Outraged at Outrage!!!

Outraged at Outrage!!!

Just kidding! But my internal interest meter has recently been drawn to articles about outrage for some reason. I’ve narrowed it down to two I liked best.
The first argues that “Outrage Mobs Might Be More Forgiving If They Believed in Hell.” Author Nathanael Blake spends time exploring the thought of Plato and Aristotle about character, as well as that of Jesus.
The second explores what geniuses in history got right but also so much they got wrong. Like Isaac Newton, one of the most influential scientists of all time who believed in Bible codes and alchemy. The article is a roundabout way of encouraging grace and humility:
Consider the debate over “outrage culture”. Most of this focuses on moral outrage. Some smart person says something we consider evil, and so we stop listening to her or giving her a platform. … I think there’s a similar phenomenon that gets less attention and is even less defensible—a sort of intellectual outrage culture. “How can you possibly read that guy when he’s said [stupid thing]?” I don’t want to get into defending every weird belief or conspiracy theory that’s ever been. … I just want to say it probably wasn’t as stupid as Bible codes. And yet, Newton.

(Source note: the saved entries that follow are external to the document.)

lemma sat_atomic_substr:
  assumes "substr fa ra A B" and "range e \<subseteq> univ A"
  shows "wf_fm fa ra (Eq s t) \<Longrightarrow> sat A e (Eq s t) = sat B e (Eq s t)"
    and "wf_fm fa ra (Rl r ts) \<Longrightarrow> sat A e (Rl r ts) = sat B e (Rl r ts)"
proof -
  show "wf_fm fa ra (Eq s t) \<Longrightarrow> sat A e (Eq s t) = sat B e (Eq s t)"
    using eval_substr[OF assms, of s] eval_substr[OF assms, of t] by simp
next
  assume wf: "wf_fm fa ra (Rl r ts)"
  then have "ri A r (map (eval A e) ts) = ri B r (map (eval A e) ts)"
    using map_eval_substr(2)[OF assms] assms(1) unfolding substr_def by simp
  moreover have "map (eval A e) ts = map (eval B e) ts"
    by (rule map_eval_substr(1)[OF assms]) (use wf in simp)
  ultimately show "sat A e (Rl r ts) = sat B e (Rl r ts)"
    by (simp only: sat.simps)
qed

lemma eval_fv_cong: "(\<forall>x\<in>fv_trm t. e x = e' x) \<Longrightarrow> eval M e t = eval M e' t"
  by (induction t) (auto intro!: arg_cong[where f="fi M _"])

lemma sat_fv_cong: "(\<forall>x\<in>fv p. e x = e' x) \<Longrightarrow> sat M e p = sat M e' p"
proof (induction p arbitrary: e e')
  case (Eq s t)
  then show ?case using eval_fv_cong[of s e e' M] eval_fv_cong[of t e e' M] by simp
next
  case (Rl r ts)
  then have "map (eval M e) ts = map (eval M e') ts"
    using eval_fv_cong[of _ e e' M] by auto
  then show ?case by (simp only: sat.simps)
next
  case (Conj p q)
  then show ?case by (metis Un_iff fv.simps(4) sat.simps(4))
next
  case (Ex n p)
  then have "sat M (e(n := a)) p = sat M (e'(n := a)) p" for a by auto
  then show ?case by simp
qed auto

lemma substr_univ_subset: "substr fa ra A B \<Longrightarrow> univ A \<subseteq> univ B"
  unfolding substr_def by simp

definition substr_chain ::
    "('f \<Rightarrow> nat) \<Rightarrow> ('r \<Rightarrow> nat) \<Rightarrow> 'i set \<Rightarrow> ('i \<Rightarrow> ('f, 'r, 'a) struc) \<Rightarrow> bool" where
  "substr_chain fa ra I Ms \<longleftrightarrow>
    (\<forall>i\<in>I. \<forall>j\<in>I. substr fa ra (Ms i) (Ms j) \<or> substr fa ra (Ms j) (Ms i))"

lemma substr_chain_upper_bound:
  assumes "substr_chain fa ra I Ms" and "i \<in> I" and "j \<in> I"
  obtains k where "k \<in> I" and "substr fa ra (Ms i) (Ms k)" and "substr fa ra (Ms j) (Ms k)"
proof -
  have refl: "substr fa ra (Ms l) (Ms l)" if "l \<in> I" for l
    using assms(1) that unfolding substr_chain_def by blast
  show thesis
  proof (cases "substr fa ra (Ms i) (Ms j)")
    case True
    then show thesis using that assms(3) refl by blast
  next
    case False
    then have "substr fa ra (Ms j) (Ms i)" using assms unfolding substr_chain_def by blast
    then show thesis using that assms(2) refl by blast
  qed
qed

lemma substr_chain_directed:
  assumes "substr_chain fa ra I Ms"
    and "x \<in> (\<Union>i\<in>I. univ (Ms i))" and "y \<in> (\<Union>i\<in>I. univ (Ms i))"
  shows "\<exists>k\<in>I. x \<in> univ (Ms k) \<and> y \<in> univ (Ms k)"
proof -
  obtain i j where "i \<in> I" "j \<in> I" "x \<in> univ (Ms i)" "y \<in> univ (Ms j)"
    using assms(2,3) by blast
  moreover from substr_chain_upper_bound[OF assms(1) this(1,2)] obtain k where
    "k \<in> I" "univ (Ms i) \<subseteq> univ (Ms k)" "univ (Ms j) \<subseteq> univ (Ms k)"
    by (metis substr_univ_subset)
  ultimately show ?thesis by blast
qed

lemma sat_union_of_chain:
  fixes M :: "('f, 'r, 'a) struc"
  assumes mc: "model_complete fa ra T TYPE('a)"
    and chain: "substr_chain fa ra I Ms"
    and models: "\<forall>i\<in>I. is_model fa ra T (Ms i)"
    and union: "univ M = (\<Union>i\<in>I. univ (Ms i))"
    and sub: "\<forall>i\<in>I. substr fa ra (Ms i) M"
    and "wf_fm fa ra p" and "i \<in> I" and "range e \<subseteq> univ (Ms i)"
  shows "sat (Ms i) e p \<longleftrightarrow> sat M e p"
  using assms(6-8)
proof (induction p arbitrary: i e)
  case (Eq s t)
  then show ?case using sub sat_atomic_substr(1) by metis
next
  case (Rl r ts)
  then show ?case using sub sat_atomic_substr(2) by metis
next
  case (Neg p)
  then show ?case by simp
next
  case (Conj p q)
  then show ?case by simp
next
  case (Ex n p)
  note i = \<open>i \<in> I\<close> and e = \<open>range e \<subseteq> univ (Ms i)\<close>
  have wf: "wf_fm fa ra p" using Ex.prems(1) by simp
  show ?case
  proof
    assume "sat (Ms i) e (Ex n p)"
    then obtain a where a: "a \<in> univ (Ms i)" and "sat (Ms i) (e(n := a)) p" by auto
    moreover from a e have "range (e(n := a)) \<subseteq> univ (Ms i)" by auto
    ultimately have "sat M (e(n := a)) p" using Ex.IH[OF wf i] by blast
    moreover have "a \<in> univ M" using a i sub substr_univ_subset by blast
    ultimately show "sat M e (Ex n p)" by auto
  next
    assume "sat M e (Ex n p)"
    then obtain a where "a \<in> univ M" and a: "sat M (e(n := a)) p" by auto
    then obtain j where j: "j \<in> I" and aj: "a \<in> univ (Ms j)" using union by auto
    obtain k where k: "k \<in> I" "substr fa ra (Ms i) (Ms k)" "substr fa ra (Ms j) (Ms k)"
      using substr_chain_upper_bound[OF chain i j] .
    with aj have ak: "a \<in> univ (Ms k)" using substr_univ_subset by blast
    have "range e \<subseteq> univ (Ms k)" using k(2) e substr_univ_subset by blast
    with ak have "range (e(n := a)) \<subseteq> univ (Ms k)" by auto
    then have "sat (Ms k) (e(n := a)) p" using Ex.IH[OF wf k(1)] a by blast
    with ak have "sat (Ms k) e (Ex n p)" by auto
    moreover have "elem_substr fa ra (Ms i) (Ms k)"
      using mc models i k unfolding model_complete_def by blast
    ultimately show "sat (Ms i) e (Ex n p)" using e Ex.prems(1) unfolding elem_substr_def by blast
  qed
qed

Unfortunately for Some, ‘All Scripture Is Inspired …’
Every Bible reader has what is called a canon within the canon, meaning books and passages they come back to time and again, and therefore books and passages we never read. This is not the best way to read the Bible, but at least most of us still hold on to the whole Bible just in case someday we want to read the more uncomfortable passages.

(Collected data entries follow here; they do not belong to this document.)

lemma
  fixes n d :: "complex poly"
  assumes "d \<noteq> 0" "j + int (degree n) \<le> int (degree d)"
  shows regular_at_None_zcoord_power_int: "regular_at None (zcoord powi j * Fract n d)"
    and value_at_None_zcoord_power_int:
      "value_at None (zcoord powi j * Fract n d) = coeff n (nat (int (degree d) - j)) / lead_coeff d"
proof -
  have "regular_at None (zcoord powi j * Fract n d) \<and>
    value_at None (zcoord powi j * Fract n d) = coeff n (nat (int (degree d) - j)) / lead_coeff d"
  proof (cases "n = 0")
    case True
    then have "Fract n d = 0"
      using assms by (simp add: Zero_fract_def eq_fract)
    then show ?thesis
      using regular_at_0 value_at_None_Fract[of 1 0] True by (simp flip: Zero_fract_def)
  next
    case False
    show ?thesis
    proof (cases "j \<ge> 0")
      case True
      then have "degree (monom 1 (nat j) * n) \<le> degree d"
        using assms False by (simp add: degree_monom_1_mult)
      moreover have "coeff (monom 1 (nat j) * n) (degree d) = coeff n (nat (int (degree d) - j))"
        using True assms by (simp add: coeff_monom_mult nat_diff_distrib')
      ultimately show ?thesis
        using True assms by (simp add: zcoord_power_int_mult_Fract regular_at_NoneI value_at_None_Fract)
    next
      case False
      then have "degree n \<le> degree (monom 1 (nat (-j)) * d)"
        using assms by (simp add: degree_monom_1_mult)
      moreover have "lead_coeff (monom 1 (nat (-j)) * d) = lead_coeff d"
        by (simp add: lead_coeff_mult degree_monom_eq)
      moreover have "degree (monom 1 (nat (-j)) * d) = nat (int (degree d) - j)"
        using False assms by (simp add: degree_monom_1_mult)
      ultimately show ?thesis
        using False assms by (simp add: zcoord_power_int_mult_Fract regular_at_NoneI value_at_None_Fract)
    qed
  qed
  then show "regular_at None (zcoord powi j * Fract n d)"
    "value_at None (zcoord powi j * Fract n d) = coeff n (nat (int (degree d) - j)) / lead_coeff d"
    by simp_all
qed

lemma regular_at_None_zcoord_power_int_iff:
  fixes n d :: "complex poly"
  assumes "n \<noteq> 0" "d \<noteq> 0"
  shows "regular_at None (zcoord powi j * Fract n d) \<longleftrightarrow> j + int (degree n) \<le> int (degree d)"
proof
  assume reg: "regular_at None (zcoord powi j * Fract n d)"
  show "j + int (degree n) \<le> int (degree d)"
  proof (cases "j \<ge> 0")
    case True
    then have "degree (monom 1 (nat j) * n) \<le> degree d"
      using reg assms by (intro degree_le_if_regular_at_None) (simp_all add: zcoord_power_int_mult_Fract)
    then show ?thesis
      using True assms by (simp add: degree_monom_1_mult)
  next
    case False
    then have "degree n \<le> degree (monom 1 (nat (-j)) * d)"
      using reg assms by (intro degree_le_if_regular_at_None) (simp_all add: zcoord_power_int_mult_Fract)
    then show ?thesis
      using False assms by (simp add: degree_monom_1_mult)
  qed
qed (use assms regular_at_None_zcoord_power_int in blast)

lemma regular_at_Some_imp_poly:
  assumes "\<And>a. regular_at (Some a) r"
  obtains p where "r = Fract p 1"
proof -
  have "\<exists>p. r = Fract p 1" if "d \<noteq> 0" "r = Fract n d" for n d
    using that
  proof (induction "degree d" arbitrary: n d rule: less_induct)
    case less
    show ?case
    proof (cases "\<exists>a. poly d a = 0")
      case True
      then obtain a where "poly d a = 0" ..
      then have "order a d \<noteq> 0"
        using less.prems(1) order_root by blast
      then have "poly n a = 0"
        using order_le_if_regular_at_Some[OF less.prems(1)] assms less.prems(2)
        by (metis order_root le_zero_eq)
      then obtain n1 d1 where "n = [:-a, 1:] * n1" "d = [:-a, 1:] * d1"
        using \<open>poly d a = 0\<close> by (metis dvdE minus_minus dvd_iff_poly_eq_0)
      moreover from this have "d1 \<noteq> 0" "degree d1 < degree d"
        using less.prems(1) by (auto simp: degree_mult_eq simp del: mult_pCons_left)
      ultimately show ?thesis
        using less by (metis mult_fract_cancel pCons_eq_0_iff zero_neq_one)
    next
      case False
      then have "degree d = 0"
        using fundamental_theorem_of_algebra constant_degree by blast
      then obtain c where "d = [:c:]" "c \<noteq> 0"
        using less.prems(1) by (metis degree_eq_zeroE pCons_eq_0_iff)
      then show ?thesis
        using less.prems(2) by (auto simp: eq_fract intro!: exI[of _ "smult (1 / c) n"])
    qed
  qed
  then show ?thesis
    using that by (cases r) blast
qed

lemma degree_le_card_if_order_le:
  fixes D :: "complex poly"
  assumes "D \<noteq> 0" "finite S" "\<And>q. order q D \<le> of_bool (q \<in> S)"
  shows "degree D \<le> card S"
proof -
  have "proots D \<subseteq># mset_set S"
  proof (rule mset_subset_eqI)
    fix a
    show "count (proots D) a \<le> count (mset_set S) a"
      using assms(3)[of a] assms(1,2) by (cases "a \<in> S") (auto simp: count_mset_set)
  qed
  then have "size (proots D) \<le> size (mset_set S)"
    by (rule size_mset_mono)
  then show ?thesis
    by (simp add: size_proots_complex)
qed

definition vanishing_poly :: "'a::comm_ring_1 set \<Rightarrow> 'a poly" where
  "vanishing_poly S = (\<Prod>q\<in>S. [:-q, 1:])"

Some readers have been more open about what they consider “real” Scripture. Like Thomas Jefferson, who ignored miraculous stories (including the Resurrection) from his New Testament and literally cut out and pasted into a new book those passages of the Gospels he found edifying, calling it The Life and Morals of Jesus of Nazareth. Or take the ancient heretic Marcion, who chopped away the whole Old Testament thinking it didn’t portray God well. Recently I’ve been made aware of a missionary Bible from the 19th century that edited the Scripture in a particularly pernicious way:
English missionaries seeking to convert enslaved Africans toiling in Britain’s Caribbean colonies around the beginning of the 19th century preached from Bibles that conveniently removed portions of the canonical text. They thought these sections, such as Exodus, the Book of Psalms, and the Book of Revelation, could instill in slaves a dangerous hope for freedom and dreams of equality.
These are known as “Slave Bibles,” and one is on display at the Museum of the Bible in Washington, DC.

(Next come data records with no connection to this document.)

(* Assume (A3) as in the context. For a fixed weight $w\in[0,1]$, the MSE of the sample-split estimator $\widehat\tau_w$ equals $$\frac{2w^2}{|\mathcal D_e|}\mathrm{Var}(\psi_e(O_e))+\frac{2(1-w)^2}{|\mathcal D_e|}\mathrm{Var}(\psi_{h,1}(O_e))+\frac{2(1-w)^2}{|\mathcal D_h|}\mathrm{Var}(\psi_{h,2}(O_h))+\frac{4w(1-w)}{|\mathcal D_e|}\mathrm{Cov}(\psi_e(O_e),\psi_{h,1}(O_e))+(1-w)^2b_h^2.$$
   Context: Setting. Experimental data $\mathcal{D}_e$: i.i.d. $O_e=(S_e,A_e,R_e)$, $A_e\in\{0,1\}$; independent historical data $\mathcal{D}_h$: i.i.d. $O_h=(S_h,R_h)$ under control. $\pi^*(a\mid s)=\mathbb{P}(A_e=a\mid S_e=s)$, $r_e^*(a,s)=\mathbb{E}(R_e\mid A_e=a,S_e=s)$, $r_h^*(s)=\mathbb{E}(R_h\mid S_h=s)$, $\mu^*$ = density ratio of $S_e$ over $S_h$; $\tau_e=\mathbb{E}[r_e^*(1,S_e)-r_e^*(0,S_e)]$. Working models $r_e,r_h,\pi,\mu$, $\nu^a(A_e\mid S_e)=\mathbb{I}(A_e=a)/\pi(a\mid S_e)$; $\psi_e(O_e)=\sum_{a=0}^1(-1)^{a-1}\{r_e(a,S_e)+\nu^a(A_e\mid S_e)[R_e-r_e(A_e,S_e)]\}$, $\psi_{h,1}(O_e)=r_e(1,S_e)+\nu^1(A_e\mid S_e)[R_e-r_e(A_e,S_e)]-r_h(S_e)$, $\psi_{h,2}(O_h)=\mu(S_h)[R_h-r_h(S_h)]$. $b_h=\mathbb{E}[r_e^*(0,S_e)]-\mathbb{E}[r_h^*(S_e)]$. Sample splitting: $\mathcal D_e,\mathcal D_h$ are each split into equal halves; $\widehat\tau_e$ = sample mean of $\psi_e$ over the second half of $\mathcal D_e$, $\widehat\tau_h$ = sample mean of $\psi_{h,1}$ over the second half of $\mathcal D_e$ minus sample mean of $\psi_{h,2}$ over the second half of $\mathcal D_h$, $\widehat\tau_w=w\widehat\tau_e+(1-w)\widehat\tau_h$, and $\mathrm{MSE}(\widehat\tau_w)=\mathbb{E}(\widehat\tau_w-\tau_e)^2$. (A3): either the reward functions ($r_e=r_e^*$, $r_h=r_h^*$) or the density ratios ($\pi=\pi^*$, $\mu=\mu^*$) are correctly specified. *)

theory Defs
  imports "HOL-Probability.Probability"
begin

text \<open>Observations: experimental O_e = (S_e, A_e, R_e) :: 's \<times> bool \<times> real
  (A_e = True encodes treatment a = 1, False encodes a = 0);
  historical O_h = (S_h, R_h) :: 's \<times> real.\<close>

definition Var :: "'a measure \<Rightarrow> ('a \<Rightarrow> real) \<Rightarrow> real" where
  "Var M f = (\<integral>x. (f x - (\<integral>y. f y \<partial>M))\<^sup>2 \<partial>M)"

definition Cov :: "'a measure \<Rightarrow> ('a \<Rightarrow> real) \<Rightarrow> ('a \<Rightarrow> real) \<Rightarrow> real" where
  "Cov M f g = (\<integral>x. (f x - (\<integral>y. f y \<partial>M)) * (g x - (\<integral>y. g y \<partial>M)) \<partial>M)"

‘Better, Faster, Stronger’
Andy Crouch has wise things to say about a lot of topics, but when it comes to technology, he is at his wisest. Like this book review of Jacob Shatzer’s survey Transhumanism and the Image of God. But neither Crouch nor the Union University professor lets us off the hook by merely pointing out the problem with “those” transhumanists:
While Shatzer helpfully pushes back on transhumanism with this Christian perspective, his most helpful contribution is showing how all of us, very much including Christians, are already embracing habits of life—he calls them “liturgies of control”—that train us to accept the transhumanist promise of “better, faster, stronger” and, perhaps, “realer.”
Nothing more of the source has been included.